TASK DIRECTIONS
The stretch from the line with "(H\<^sup>2 - K)) + n \<or>" through the line with "unfolding s_def using assms(1) by simp" in the records below: write it out exactly, and nothing else.

MATERIAL SHOWN
lemma curvatures_of_riemann_type_frame:
  fixes X :: "real \<Rightarrow> real \<Rightarrow> real^3" and p q \<rho> p1 q1 r2 R c s :: real
  assumes Xu: "Xu X u v = vector [p + \<rho> * c, q + \<rho> * s, 1]"
    and Xv: "Xv X u v = vector [- R * s, R * c, 0]"
    and Xuu: "Xuu X u v = vector [p1 + r2 * c, q1 + r2 * s, 0]"
    and Xuv: "Xuv X u v = vector [- \<rho> * s, \<rho> * c, 0]"
    and Xvv: "Xvv X u v = vector [- R * c, - R * s, 0]"
    and cs: "c\<^sup>2 + s\<^sup>2 = 1" and R: "R > 0"
  defines "W \<equiv> sqrt (1 + (\<rho> + p * c + q * s)\<^sup>2)"
    and "S \<equiv> (1 + p\<^sup>2 + q\<^sup>2 + \<rho>\<^sup>2 - R * r2) + (2 * \<rho> * p - R * p1) * c + (2 * \<rho> * q - R * q1) * s"
    and "A \<equiv> r2 + p1 * c + q1 * s"
  shows "mean_curv X u v = S / (2 * R * W^3)" and "gauss_curv X u v = - A / (R * W^4)"
    and "gauss_curv X u v \<le> (mean_curv X u v)\<^sup>2"
proof -
  have mod_cs: "x = y" if "x - y = k * (c\<^sup>2 + s\<^sup>2 - 1)" for x y k :: real
    using that cs by simp
  define w t where "w = \<rho> + p * c + q * s" and "t = q * c - p * s"
  have W2: "W\<^sup>2 = 1 + w\<^sup>2" and W: "W > 0"
    unfolding W_def w_def by (simp_all add: add_pos_nonneg)
  have cross: "cross3 (Xu X u v) (Xv X u v) = vector [- R * c, - R * s, R * w]"
    unfolding Xu Xv cross3_vector_3 w_def
    by (simp add: vec_eq_iff forall_3, rule mod_cs[where k = "\<rho> * R"]) (simp add: algebra_simps power2_eq_square)
  have "norm (cross3 (Xu X u v) (Xv X u v)) = R * W"
  proof -
    have "(- R * c)\<^sup>2 + (- R * s)\<^sup>2 + (R * w)\<^sup>2 = (R * W)\<^sup>2"
      by (rule mod_cs[where k = "R\<^sup>2"]) (simp add: power_mult_distrib W2 algebra_simps)
    then show ?thesis
      unfolding cross norm_vector_3 using R W by simp
  qed
  then have normal: "unit_normal X u v = vector [- c / W, - s / W, w / W]"
    unfolding unit_normal_def cross scaleR_vector_3 using R W by simp
  have E: "fE X u v = 1 + (p + \<rho> * c)\<^sup>2 + (q + \<rho> * s)\<^sup>2"
    unfolding fE_def Xu inner_vector_3 by (simp add: power2_eq_square)
  have F: "fF X u v = R * t"
    unfolding fF_def Xu Xv inner_vector_3 t_def by (simp add: algebra_simps)
  have G: "fG X u v = R\<^sup>2"
    unfolding fG_def Xv inner_vector_3
    by (rule mod_cs[where k = "R\<^sup>2"]) (simp add: algebra_simps power2_eq_square)
  have L: "sL X u v = - A / W"
    unfolding sL_def Xuu normal inner_vector_3 A_def
    by (rule mod_cs[where k = "- r2 / W"]) (use W in \<open>simp add: field_simps power2_eq_square\<close>)
  have M: "sM X u v = 0"
    unfolding sM_def Xuv normal inner_vector_3 by (simp add: field_simps)
  have N: "sN X u v = R / W"
    unfolding sN_def Xvv normal inner_vector_3
    by (rule mod_cs[where k = "R / W"]) (use W in \<open>simp add: field_simps power2_eq_square\<close>)
  have E_eq: "fE X u v = W\<^sup>2 + t\<^sup>2"
    unfolding E W2 w_def t_def by (rule mod_cs[where k = "\<rho>\<^sup>2 - p\<^sup>2 - q\<^sup>2"]) (simp add: algebra_simps power2_eq_square)
  have S_eq: "S = W\<^sup>2 + t\<^sup>2 - R * A"
    unfolding S_def A_def W2 w_def t_def
    by (rule mod_cs[where k = "- p\<^sup>2 - q\<^sup>2"]) (simp add: algebra_simps power2_eq_square)
  have EG_F2: "fE X u v * fG X u v - (fF X u v)\<^sup>2 = R\<^sup>2 * W\<^sup>2"
    unfolding E_eq F G by (simp add: algebra_simps power2_eq_square)
  show H: "mean_curv X u v = S / (2 * R * W^3)"
    unfolding mean_curv_def EG_F2 unfolding M L N G E_eq S_eq
    using R W by (simp add: field_simps power2_eq_square power3_eq_cube)
  show K: "gauss_curv X u v = - A / (R * W^4)"
    unfolding gauss_curv_def EG_F2 unfolding L M N
    using R W by (simp add: field_simps power2_eq_square eval_nat_numeral)
  have "(S / (2 * R * W^3))\<^sup>2 - (- A / (R * W^4)) = (S\<^sup>2 + 4 * R * A * W\<^sup>2) / (4 * R\<^sup>2 * W^6)"
    using R W by (simp add: field_simps power2_eq_square eval_nat_numeral)
  also have "\<dots> = ((W\<^sup>2 + R * A - t\<^sup>2)\<^sup>2 + 4 * t\<^sup>2 * W\<^sup>2) / (4 * R\<^sup>2 * W^6)"
    unfolding S_eq by (simp add: algebra_simps power2_eq_square)
  also have "\<dots> \<ge> 0"
    by simp
  finally show "gauss_curv X u v \<le> (mean_curv X u v)\<^sup>2"
    unfolding H K by simp
qed

lemma linear_relation_of_principal_curvatures:
  fixes H K m n :: real
  assumes "K \<le> H\<^sup>2"
    and "H + sqrt (H\<^sup>2 - K) = m * (H - sqrt (H\<^sup>2 - K)) + n \<or>
      H - sqrt (H\<^sup>2 - K) = m * (H + sqrt (H\<^sup>2 - K)) + n"
  shows "m * (2 * H)\<^sup>2 + (1 - m) * (2 * H) * n - n\<^sup>2 - (1 + m)\<^sup>2 * K = 0"
proof -
  define s where "s = sqrt (H\<^sup>2 - K)"
  have K: "K = H\<^sup>2 - s\<^sup>2"
    unfolding s_def using assms(1) by simp
  from assms(2) have "n = H + s - m * (H - s) \<or> n = H - s - m * (H + s)"
    unfolding s_def by auto
  then show ?thesis
    unfolding K by (elim disjE; hypsubst; simp add: algebra_simps power2_eq_square)
qed

context C2_riemann_type
begin

lemma riemann_type_surf_curvatures:
  fixes u v :: real
  assumes u: "u \<in> I" and r: "r u > 0"
  defines "W \<equiv> sqrt (1 + (trig_poly (deriv r u) (deriv a u) (deriv b u) v)\<^sup>2)"
    and "S \<equiv> trig_poly (1 + (deriv a u)\<^sup>2 + (deriv b u)\<^sup>2 + (deriv r u)\<^sup>2 - r u * deriv (deriv r) u)
      (2 * deriv r u * deriv a u - r u * deriv (deriv a) u) (2 * deriv r u * deriv b u - r u * deriv (deriv b) u) v"
    and "A \<equiv> trig_poly (deriv (deriv r) u) (deriv (deriv a) u) (deriv (deriv b) u) v"
  shows "mean_curv (riemann_type_surf a b r) u v = S / (2 * r u * W^3)"
    and "gauss_curv (riemann_type_surf a b r) u v = - A / (r u * W^4)"
    and "gauss_curv (riemann_type_surf a b r) u v \<le> (mean_curv (riemann_type_surf a b r) u v)\<^sup>2"
  using curvatures_of_riemann_type_frame[OF Xu_riemann_type_surf[OF u] Xv_riemann_type_surf
      Xuu_riemann_type_surf[OF u] Xuv_riemann_type_surf[OF u] Xvv_riemann_type_surf sin_cos_squared_add2 r]
  unfolding S_def A_def W_def trig_poly_real by simp_all

lemma riemann_type_surf_LW_identity:
  assumes u: "u \<in> I" and r: "r u > 0"
    and relation: "kappa1 (riemann_type_surf a b r) u v = m * kappa2 (riemann_type_surf a b r) u v + n \<or>
      kappa2 (riemann_type_surf a b r) u v = m * kappa1 (riemann_type_surf a b r) u v + n"
  defines "W \<equiv> sqrt (1 + (trig_poly (deriv r u) (deriv a u) (deriv b u) v)\<^sup>2)"
    and "S \<equiv> trig_poly (1 + (deriv a u)\<^sup>2 + (deriv b u)\<^sup>2 + (deriv r u)\<^sup>2 - r u * deriv (deriv r) u)
      (2 * deriv r u * deriv a u - r u * deriv (deriv a) u) (2 * deriv r u * deriv b u - r u * deriv (deriv b) u) v"
    and "A \<equiv> trig_poly (deriv (deriv r) u) (deriv (deriv a) u) (deriv (deriv b) u) v"
  shows "m * S\<^sup>2 + (1 - m) * n * r u * S * W^3 - n\<^sup>2 * (r u)\<^sup>2 * W^6 + (1 + m)\<^sup>2 * r u * A * W\<^sup>2 = 0"
proof -
  let ?H = "mean_curv (riemann_type_surf a b r) u v" and ?K = "gauss_curv (riemann_type_surf a b r) u v"
  note curvatures = riemann_type_surf_curvatures[OF u r, of v, folded W_def S_def A_def]
  have W: "W > 0"
    unfolding W_def by (simp add: add_pos_nonneg)
  have "m * (2 * ?H)\<^sup>2 + (1 - m) * (2 * ?H) * n - n\<^sup>2 - (1 + m)\<^sup>2 * ?K = 0"
    using linear_relation_of_principal_curvatures[OF curvatures(3)] relation
    unfolding kappa1_def kappa2_def by simp
  moreover have "(r u)\<^sup>2 * W^6 * (m * (2 * ?H)\<^sup>2 + (1 - m) * (2 * ?H) * n - n\<^sup>2 - (1 + m)\<^sup>2 * ?K)
      = m * S\<^sup>2 + (1 - m) * n * r u * S * W^3 - n\<^sup>2 * (r u)\<^sup>2 * W^6 + (1 + m)\<^sup>2 * r u * A * W\<^sup>2"
    unfolding curvatures(1,2) using r W by (simp add: field_simps power2_eq_square eval_nat_numeral)
  ultimately show ?thesis
    by simp
qed

end

section \<open>Linear Weingarten surfaces of Riemann type\<close>

lemma LW_trig_identity_S_eq_0:
  fixes \<omega>0 \<omega>1 \<omega>2 \<sigma>0 \<sigma>1 \<sigma>2 \<alpha>0 \<alpha>1 \<alpha>2 R m n v0 v1 :: real
  defines "W \<equiv> \<lambda>v. sqrt (1 + (trig_poly \<omega>0 \<omega>1 \<omega>2 v)\<^sup>2)"
  assumes m: "m \<noteq> 0" and v: "v0 < v1" and \<omega>: "\<omega>1 \<noteq> 0 \<or> \<omega>2 \<noteq> 0"
    and identity: "\<And>v. v \<in> {v0<..<v1} \<Longrightarrow>
      m * (trig_poly \<sigma>0 \<sigma>1 \<sigma>2 v)\<^sup>2 + (1 - m) * n * R * trig_poly \<sigma>0 \<sigma>1 \<sigma>2 v * W v ^ 3
      - n\<^sup>2 * R\<^sup>2 * W v ^ 6 + (1 + m)\<^sup>2 * R * trig_poly \<alpha>0 \<alpha>1 \<alpha>2 v * (W v)\<^sup>2 = 0"
  shows "\<sigma>0 = 0 \<and> \<sigma>1 = 0 \<and> \<sigma>2 = 0"
proof -
  define S A D :: "complex \<Rightarrow> complex"
    where "S = trig_poly \<sigma>0 \<sigma>1 \<sigma>2" and "A = trig_poly \<alpha>0 \<alpha>1 \<alpha>2"
      and "D = (\<lambda>z. 1 + (trig_poly \<omega>0 \<omega>1 \<omega>2 z)\<^sup>2)"
  \<comment> \<open>squaring eliminates the square root \<open>W = sqrt D\<close>\<close>
  define F where "F = (\<lambda>z. (m * (S z)\<^sup>2 - n\<^sup>2 * R\<^sup>2 * (D z)^3 + (1 + m)\<^sup>2 * R * A z * D z)\<^sup>2
    - ((1 - m) * n * R * S z)\<^sup>2 * (D z)^3)"
  have "F z = 0" for z
  proof (rule holomorphic_eq_0_on_real_interval[where f = F, OF _ v])
    show "F holomorphic_on UNIV"
      unfolding F_def S_def A_def D_def by (intro holomorphic_intros)
  next
    fix v assume "v \<in> {v0<..<v1}"
    define s a d where "s = trig_poly \<sigma>0 \<sigma>1 \<sigma>2 v" and "a = trig_poly \<alpha>0 \<alpha>1 \<alpha>2 v"
      and "d = 1 + (trig_poly \<omega>0 \<omega>1 \<omega>2 v)\<^sup>2"
    have W2: "(W v)\<^sup>2 = d"
      unfolding W_def d_def by simp
    have "m * s\<^sup>2 - n\<^sup>2 * R\<^sup>2 * d^3 + (1 + m)\<^sup>2 * R * a * d = - ((1 - m) * n * R * s) * W v ^ 3"
      using identity[OF \<open>v \<in> {v0<..<v1}\<close>] unfolding s_def a_def W2[symmetric]
      by (simp add: algebra_simps flip: power_mult)
    then have "(m * s\<^sup>2 - n\<^sup>2 * R\<^sup>2 * d^3 + (1 + m)\<^sup>2 * R * a * d)\<^sup>2 = ((1 - m) * n * R * s)\<^sup>2 * d^3"
      unfolding W2[symmetric] by (simp add: power_mult_distrib flip: power_mult)
    moreover have "F (of_real v) = of_real ((m * s\<^sup>2 - n\<^sup>2 * R\<^sup>2 * d^3 + (1 + m)\<^sup>2 * R * a * d)\<^sup>2
        - ((1 - m) * n * R * s)\<^sup>2 * d^3)"
      unfolding F_def S_def A_def D_def s_def a_def d_def by (simp flip: of_real_trig_poly)
    ultimately show "F (of_real v) = 0"
      by simp
  qed
  moreover have "S z = 0" if "D z = 0" and "F z = 0" for z
    using that m unfolding F_def by simp
  ultimately show ?thesis
    using trig_poly_eq_0_if_vanishes_where_square_eq_minus_1[OF \<omega>] unfolding S_def D_def by blast
qed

ANSWER SPACE
    and "H + sqrt (H\<^sup>2 - K) = m * (H - sqrt (H\<^sup>2 - K)) + n \<or>
      H - sqrt (H\<^sup>2 - K) = m * (H + sqrt (H\<^sup>2 - K)) + n"
  shows "m * (2 * H)\<^sup>2 + (1 - m) * (2 * H) * n - n\<^sup>2 - (1 + m)\<^sup>2 * K = 0"
proof -
  define s where "s = sqrt (H\<^sup>2 - K)"
  have K: "K = H\<^sup>2 - s\<^sup>2"
    unfolding s_def using assms(1) by simp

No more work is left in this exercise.